Dann war Feierabend an diesem tristen, naßkalten, Samstagnachmittag. Kirmesmusik wurde eingespielt und Frau Huhn feierte den Regionalliga-Meister. Auf der Anzeigetafel, die bald in Auerbach stehen wird, erschien ein entsprechendes
Jubel-Bild. Die Spieler zogen sich die Meister-T-Shirts an und applaudierten in
Richtung leere Süd-Tribüne. Eine feine Geste! Anschliessend zogen die Spieler
an der Gegengerade vorbei und vor den Ultras gab's noch ne kleine Uffta.
Das war er nun, der entscheidende Tag der Meisterschaft. Der eigentlich ein absoluter Höhepunkt sein sollte. Für den Autor, der schön über 30 Jahren zu den Himmelblauen geht, war es hingegen die mit Abstand emotionsloseste Meisterschaft aller Zeiten. Früher war alles besser? Manchmal schon.
"Wir hätten gerne nochmal in diesem schönen Stadion gespielt, aber Chemnitz ist zu gut für diese Liga. Meine Mannschaft hat so gespielt, wie ich das wollte. Wir haben nicht gemauert, wir haben wenig zugelassen, wir wollten Chemnitz feiern lassen aber nicht verlieren. Beides haben wir geschafft."

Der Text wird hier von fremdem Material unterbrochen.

definition is_path :: "(nat \<times> nat) set \<Rightarrow> nat list \<Rightarrow> bool" where
  "is_path E xs \<longleftrightarrow> length xs \<ge> 2 \<and>
     (\<forall>k. Suc k < length xs \<longrightarrow> (xs ! k, xs ! Suc k) \<in> E) \<and>
     distinct (butlast xs) \<and> distinct (tl xs)"

definition is_cycle :: "(nat \<times> nat) set \<Rightarrow> nat list \<Rightarrow> bool" where
  "is_cycle E xs \<longleftrightarrow> is_path E xs \<and> hd xs = last xs"

definition is_loop :: "(nat \<times> nat) set \<Rightarrow> nat list \<Rightarrow> bool" where
  "is_loop E xs \<longleftrightarrow> is_cycle E xs \<and> length xs = 2"

definition structural_set ::
  "nat \<Rightarrow> (nat \<times> nat) set \<Rightarrow> (nat \<Rightarrow> nat \<Rightarrow> complex) \<Rightarrow> complex \<Rightarrow> nat set \<Rightarrow> bool" where
  "structural_set n E w lam S \<longleftrightarrow> S \<noteq> {} \<and> S \<subseteq> {1..n} \<and>
     (\<forall>xs. is_cycle E xs \<and> \<not> is_loop E xs \<longrightarrow> (\<exists>v\<in>set xs. v \<in> S)) \<and>
     (\<forall>i\<in>{1..n} - S. w i i \<noteq> lam)"

definition is_branch :: "(nat \<times> nat) set \<Rightarrow> nat set \<Rightarrow> nat list \<Rightarrow> bool" where
  "is_branch E S xs \<longleftrightarrow> is_path E xs \<and> (\<forall>k. 0 < k \<and> k < length xs - 1 \<longrightarrow> xs ! k \<notin> S)"

definition branches :: "(nat \<times> nat) set \<Rightarrow> nat set \<Rightarrow> nat \<Rightarrow> nat \<Rightarrow> nat list set" where
  "branches E S i j = {xs. is_branch E S xs \<and> hd xs = i \<and> last xs = j}"

definition branch_weight :: "(nat \<Rightarrow> nat \<Rightarrow> complex) \<Rightarrow> complex \<Rightarrow> nat list \<Rightarrow> complex" where
  "branch_weight w lam xs = w (xs ! 0) (xs ! 1) *
     (\<Prod>l\<in>{1..<length xs - 1}. w (xs ! l) (xs ! Suc l) / (lam - w (xs ! l) (xs ! l)))"

definition reduced_entry ::
  "(nat \<times> nat) set \<Rightarrow> (nat \<Rightarrow> nat \<Rightarrow> complex) \<Rightarrow> nat set \<Rightarrow> complex \<Rightarrow> nat \<Rightarrow> nat \<Rightarrow> complex" where
  "reduced_entry E w S lam i j = (\<Sum>xs\<in>branches E S i j. branch_weight w lam xs)"

end

(*
  Write T for the vertices outside S. Since w t t \<noteq> \<lambda> for t \<in> T, the eigen-equation at t can be
  solved for u t in terms of the other entries. Starting from \<lambda> u i = \<Sum>j w i j u j at i \<in> S and
  substituting these expressions for the entries at vertices of T, every term corresponds to a walk
  from i through T into S and carries exactly its branch weight. As every cycle that is not a loop
  meets S, no walk through T can step back to a vertex it has visited, so the substitution stops
  after at most |T| steps, and what remains is \<Sum>j\<in>S R i j u j.
  The same acyclicity gives u \<noteq> 0 on S: otherwise a nonzero entry of u on T would propagate
  along an arbitrarily long simple walk in T.
*)
theory Submission
  imports Defs
begin

abbreviation walk :: "(nat \<times> nat) set \<Rightarrow> nat list \<Rightarrow> bool" where
  "walk E \<equiv> successively (\<lambda>x y. (x, y) \<in> E)"

lemma is_path_iff_walk:
  "is_path E xs \<longleftrightarrow> 2 \<le> length xs \<and> walk E xs \<and> distinct (butlast xs) \<and> distinct (tl xs)"
  by (auto simp: is_path_def successively_conv_nth)

lemma walk_in_Field: "walk E xs \<Longrightarrow> 2 \<le> length xs \<Longrightarrow> set xs \<subseteq> Field E"
  by (induction "\<lambda>x y. (x, y) \<in> E" xs rule: successively.induct)
    (auto intro: FieldI1 FieldI2 simp: Suc_le_eq dest: length_pos_if_in_set)

lemma path_length_le:
  assumes "is_path E xs" "set xs \<subseteq> A" "finite A"
  shows "length xs \<le> Suc (card A)"
proof -
  have "length (tl xs) = card (set (tl xs))"
    using assms(1) by (simp add: is_path_def distinct_card)
  also have "\<dots> \<le> card A"
  proof (rule card_mono)
    show "set (tl xs) \<subseteq> A" using assms(2) by (cases xs) auto
  qed (rule assms(3))
  finally show ?thesis by simp
qed

lemma finite_paths:
  assumes "finite E" shows "finite {xs. is_path E xs}"
proof (rule finite_subset)
  have "finite (Field E)" using assms by (simp add: finite_Field)
  show "{xs. is_path E xs} \<subseteq> {xs. set xs \<subseteq> Field E \<and> length xs \<le> Suc (card (Field E))}"
    using walk_in_Field path_length_le \<open>finite (Field E)\<close> by (fastforce simp: is_path_iff_walk)
  show "finite \<dots>" using \<open>finite (Field E)\<close> by (rule finite_lists_length_le)
qed

lemma branch_weight_pair [simp]: "branch_weight w lam [i, j] = w i j"
  by (simp add: branch_weight_def)

lemma branch_weight_snoc:
  assumes "2 \<le> length p"
  shows "branch_weight w lam (p @ [j]) =
    branch_weight w lam p * (w (last p) j / (lam - w (last p) (last p)))"
proof -
  obtain b where b: "length p = Suc (Suc b)" using assms by (metis add_2_eq_Suc le_Suc_ex)
  have "last p = p ! Suc b" using b by (metis last_conv_nth list.size(3) nat.distinct(1) diff_Suc_1)
  moreover have
    "(\<Prod>l\<in>{1..<b}. w ((p @ [j]) ! l) ((p @ [j]) ! Suc l) / (lam - w ((p @ [j]) ! l) ((p @ [j]) ! l))) =
     (\<Prod>l\<in>{1..<b}. w (p ! l) (p ! Suc l) / (lam - w (p ! l) (p ! l)))"
    using b by (intro prod.cong) (auto simp: nth_append)
  ultimately show ?thesis using b
    by (simp add: branch_weight_def prod.atLeastLessThan_Suc nth_append mult.assoc)
qed

lemma branch_weight_snoc_eq_0:
  assumes "p \<noteq> []" "w (last p) j = 0"
  shows "branch_weight w lam (p @ [j]) = 0"
proof (cases "2 \<le> length p")
  case True
  then show ?thesis using assms(2) by (simp add: branch_weight_snoc)
next
  case False
  then obtain i where "p = [i]" using assms(1) by (cases p rule: remdups_adj.cases) auto
  then show ?thesis using assms(2) by simp
qed

locale structural_graph =
  fixes n :: nat and E :: "(nat \<times> nat) set" and w :: "nat \<Rightarrow> nat \<Rightarrow> complex"
    and lam :: complex and S :: "nat set"
  assumes wgraph: "wgraph n E w"
    and structural: "structural_set n E w lam S"
begin

abbreviation T :: "nat set" where "T \<equiv> {1..n} - S"

lemma edge_in_vertices: "(i, j) \<in> E \<Longrightarrow> i \<in> {1..n} \<and> j \<in> {1..n}"
  using wgraph by (auto simp: wgraph_def)

lemma weight_non_edge: "(i, j) \<notin> E \<Longrightarrow> w i j = 0"
  using wgraph by (simp add: wgraph_def)

lemma S_subset: "S \<subseteq> {1..n}"
  using structural by (simp add: structural_set_def)

lemma diag_weight_ne: "t \<in> T \<Longrightarrow> w t t \<noteq> lam"
  using structural by (simp add: structural_set_def)

lemma finite_E: "finite E"
  using wgraph finite_subset[of E "{1..n} \<times> {1..n}"] by (simp add: wgraph_def)

text \<open>Closing a simple walk in T by an edge back to one of its vertices would give a cycle that is
  not a loop and misses S.\<close>
lemma no_back_edge:
  assumes "set q \<subseteq> T" "distinct q" "walk E q" "(last q, j) \<in> E" "j \<in> set q" "j \<noteq> last q"
  shows False
proof -
  obtain xs ys where q: "q = xs @ j # ys" using assms(5) by (meson split_list)
  have "ys \<noteq> []" using q assms(6) by auto
  define c where "c = j # ys @ [j]"
  have "walk E (j # ys)" using assms(3) q by (simp add: successively_append_iff)
  then have "walk E ((j # ys) @ [j])"
    using assms(4) q \<open>ys \<noteq> []\<close> by (subst successively_append_iff) simp
  then have "walk E c" by (simp add: c_def)
  moreover have "j \<notin> set ys" "distinct ys" using assms(2) q by auto
  ultimately have "is_cycle E c" "\<not> is_loop E c"
    using \<open>ys \<noteq> []\<close> by (auto simp: c_def is_cycle_def is_loop_def is_path_iff_walk butlast_append)
  moreover have "set c \<inter> S = {}" using assms(1) q by (auto simp: c_def)
  ultimately show False using structural by (auto simp: structural_set_def)
qed

definition branch_prefix :: "nat list \<Rightarrow> bool" where
  "branch_prefix p \<longleftrightarrow> p \<noteq> [] \<and> hd p \<in> S \<and> set (tl p) \<subseteq> T \<and> distinct p \<and> walk E p"

definition completions :: "nat list \<Rightarrow> nat list set" where
  "completions p = {xs. is_branch E S xs \<and> last xs \<in> S \<and> (\<exists>ys. ys \<noteq> [] \<and> xs = p @ ys)}"

lemma finite_completions: "finite (completions p)"
  by (rule finite_subset[OF _ finite_paths[OF finite_E]]) (auto simp: completions_def is_branch_def)

lemma completion_next_edge:
  assumes "xs \<in> completions p" "p \<noteq> []"
  shows "(last p, xs ! length p) \<in> E"
proof -
  obtain ys where "ys \<noteq> []" "xs = p @ ys" "walk E xs"
    using assms(1) by (auto simp: completions_def is_branch_def is_path_iff_walk)
  then show ?thesis using assms(2) by (simp add: successively_append_iff nth_append hd_conv_nth)
qed

lemma completion_decomp:
  assumes "xs \<in> completions p" shows "xs = p @ xs ! length p # drop (Suc (length p)) xs"
proof -
  obtain ys where "ys \<noteq> []" "xs = p @ ys" using assms by (auto simp: completions_def)
  then show ?thesis by (cases ys) auto
qed

lemma completions_snoc_subset: "completions (p @ [j]) \<subseteq> {xs \<in> completions p. xs ! length p = j}"
  by (auto simp: completions_def)

lemma completions_snoc_repeat:
  assumes "j \<in> set (tl p)" shows "completions (p @ [j]) = {}"
proof -
  have "\<not> distinct (tl p @ j # ys)" for ys using assms by simp
  moreover have "p \<noteq> []" using assms by auto
  ultimately show ?thesis
    by (auto simp: completions_def is_branch_def is_path_def simp del: distinct_append)
qed

lemma completions_snoc_outside:
  assumes "j \<notin> S" shows "completions (p @ [j]) = {xs \<in> completions p. xs ! length p = j}"
proof
  show "{xs \<in> completions p. xs ! length p = j} \<subseteq> completions (p @ [j])"
  proof
    fix xs assume xs_in: "xs \<in> {xs \<in> completions p. xs ! length p = j}"
    then obtain ys where "xs = p @ j # ys" using completion_decomp by blast
    with xs_in have xs: "xs = p @ j # ys" "last xs \<in> S" "xs \<in> completions p"
      by (auto simp: completions_def)
    then have "ys \<noteq> []" using assms by auto
    then show "xs \<in> completions (p @ [j])" using xs by (auto simp: completions_def)
  qed
qed (rule completions_snoc_subset)

lemma completions_snoc_in_S:
  assumes "branch_prefix p" "j \<in> S"
  shows "{xs \<in> completions p. xs ! length p = j} = (if (last p, j) \<in> E then {p @ [j]} else {})"
proof -
  have p: "p \<noteq> []" "set (tl p) \<subseteq> T" "distinct p" "walk E p"
    using assms(1) by (auto simp: branch_prefix_def)
  have "xs = p @ [j]" if xs_in: "xs \<in> completions p" and next_j: "xs ! length p = j" for xs
  proof -
    obtain ys where xs: "xs = p @ j # ys" "is_branch E S xs"
      using xs_in next_j completion_decomp[OF xs_in] by (auto simp: completions_def)
    have "ys = []"
    proof (rule ccontr)
      assume "ys \<noteq> []"
      then have "xs ! length p \<notin> S" using xs p(1) by (auto simp: is_branch_def)
      then show False using xs assms(2) by simp
    qed
    then show ?thesis using xs by simp
  qed
  moreover have "p @ [j] \<in> completions p" if "(last p, j) \<in> E"
  proof -
    have "is_path E (p @ [j])"
      using p that assms(2)
      by (auto simp: is_path_iff_walk successively_append_iff Suc_le_eq distinct_tl)
    moreover have "(p @ [j]) ! k \<notin> S" if "0 < k" "k < length p" for k
    proof -
      have "(p @ [j]) ! k = tl p ! (k - 1)" using that by (simp add: nth_append nth_tl)
      moreover have "tl p ! (k - 1) \<in> set (tl p)" using that by (intro nth_mem) simp
      ultimately show ?thesis using p(2) by auto
    qed
    ultimately show ?thesis using assms(2) by (auto simp: completions_def is_branch_def)
  qed
  ultimately show ?thesis using completion_next_edge p(1) by fastforce
qed

lemma branch_prefix_snoc:
  "branch_prefix p \<Longrightarrow> j \<in> T \<Longrightarrow> j \<notin> set p \<Longrightarrow> (last p, j) \<in> E \<Longrightarrow> branch_prefix (p @ [j])"
  by (auto simp: branch_prefix_def successively_append_iff)

lemma branch_prefix_length: "branch_prefix p \<Longrightarrow> length (tl p) \<le> card T"
  unfolding branch_prefix_def
  by (metis distinct_card distinct_tl card_mono finite_Diff finite_atLeastAtMost)

end

locale structural_eigenvector = structural_graph +
  fixes u :: "nat \<Rightarrow> complex"
  assumes eigen: "\<forall>i\<in>{1..n}. (\<Sum>j=1..n. w i j * u j) = lam * u i"
begin

abbreviation branch_term :: "nat list \<Rightarrow> complex" where
  "branch_term xs \<equiv> branch_weight w lam xs * u (last xs)"

lemma off_diagonal_balance:
  assumes "t \<in> {1..n}" shows "(\<Sum>j\<in>{1..n} - {t}. w t j * u j) = (lam - w t t) * u t"
proof -
  have "(\<Sum>j=1..n. w t j * u j) = w t t * u t + (\<Sum>j\<in>{1..n} - {t}. w t j * u j)"
    using assms by (simp add: sum.remove)
  then show ?thesis using eigen assms by (simp add: algebra_simps)
qed
(* Let $q$ be a prime power, $m\ge1$, $j\ge1$, let $G\in GF(q^m)[x]$ be separable with a factorization $G=\prod_{i=1}^{l}G_i$ into pairwise coprime factors, and let $L=\{\alpha_1,\dots,\alpha_n\}\subseteq GF(q^m)$ with $G(\alpha_k)\ne0$ for all $k$. Put $G_i^{(j)}=G_i^j$ and $G^{(j)}=G^j=\prod_{i=1}^l G_i^{(j)}$. If $r_i$ denotes the redundancy ($n$ minus the dimension) of the code $\Gamma(L,G_i^{(j)})$, then the dimension $k$ of $\Gamma(L,G^{(j)})$ satisfies $k\ge n-\sum_{i=1}^l r_i$.
   Context: For a set $L=\{\alpha_1,\dots,\alpha_n\}$ of distinct elements of $GF(q^m)$ and $P\in GF(q^m)[x]$ with $P(\alpha_k)\neq0$ for all $k$, the $q$-ary Goppa code is $\Gamma(L,P)=\{c\in GF(q)^n:\ \sum_k \frac{c_k}{x-\alpha_k}\equiv 0 \pmod{P(x)}\}$, a $GF(q)$-linear code; dimensions are over $GF(q)$. *)

theory Defs
  imports "HOL-Library.Function_Algebras" "HOL-Computational_Algebra.Polynomial"
begin

definition separable_poly :: "'a::field poly \<Rightarrow> bool" where
  "separable_poly G \<longleftrightarrow> coprime G (pderiv G)"

text \<open>An inverse of (x - a) modulo P (exists when P(a) is nonzero).\<close>
definition lin_inv_mod :: "'a::field poly \<Rightarrow> 'a \<Rightarrow> 'a poly" where
  "lin_inv_mod P a = (SOME u. P dvd ([:-a, 1:] * u - 1))"

text \<open>Goppa code over the small field 'f (GF(q)), embedded into 'a (GF(q^m)) by phi.
  Codewords are c : nat => 'f supported on {0..<n}.
  Condition: sum_k c_k/(x - alpha_k) = 0 mod P.\<close>
definition goppa_code ::
  "('f::field \<Rightarrow> 'a::field) \<Rightarrow> (nat \<Rightarrow> 'a) \<Rightarrow> nat \<Rightarrow> 'a poly \<Rightarrow> (nat \<Rightarrow> 'f) set" where
  "goppa_code \<phi> \<alpha> n P = {c. (\<forall>k\<ge>n. c k = 0) \<and>
      P dvd (\<Sum>k<n. smult (\<phi> (c k)) (lin_inv_mod P (\<alpha> k)))}"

"Das Spiel spiegelt die gesamte Saison wider. Meine Jungs hätten mehr als die knapp 3.000 Zuschauer verdient gehabt. Wir wollten gewinnen, waren in der ersten Halbzeit aber nicht zielstrebig genug. Nach dem 1:0 haben wir ein paar Schritte zu wenig gemacht. Folgerichtig fällt dann noch der Ausgleich. Aber am Ende haben wir den Spatz in der Hand mitgenommen. Jetzt sind wir einfach nur, dass wir da sind, wo wir sind. Die Jungs sollen einfach nur feiern."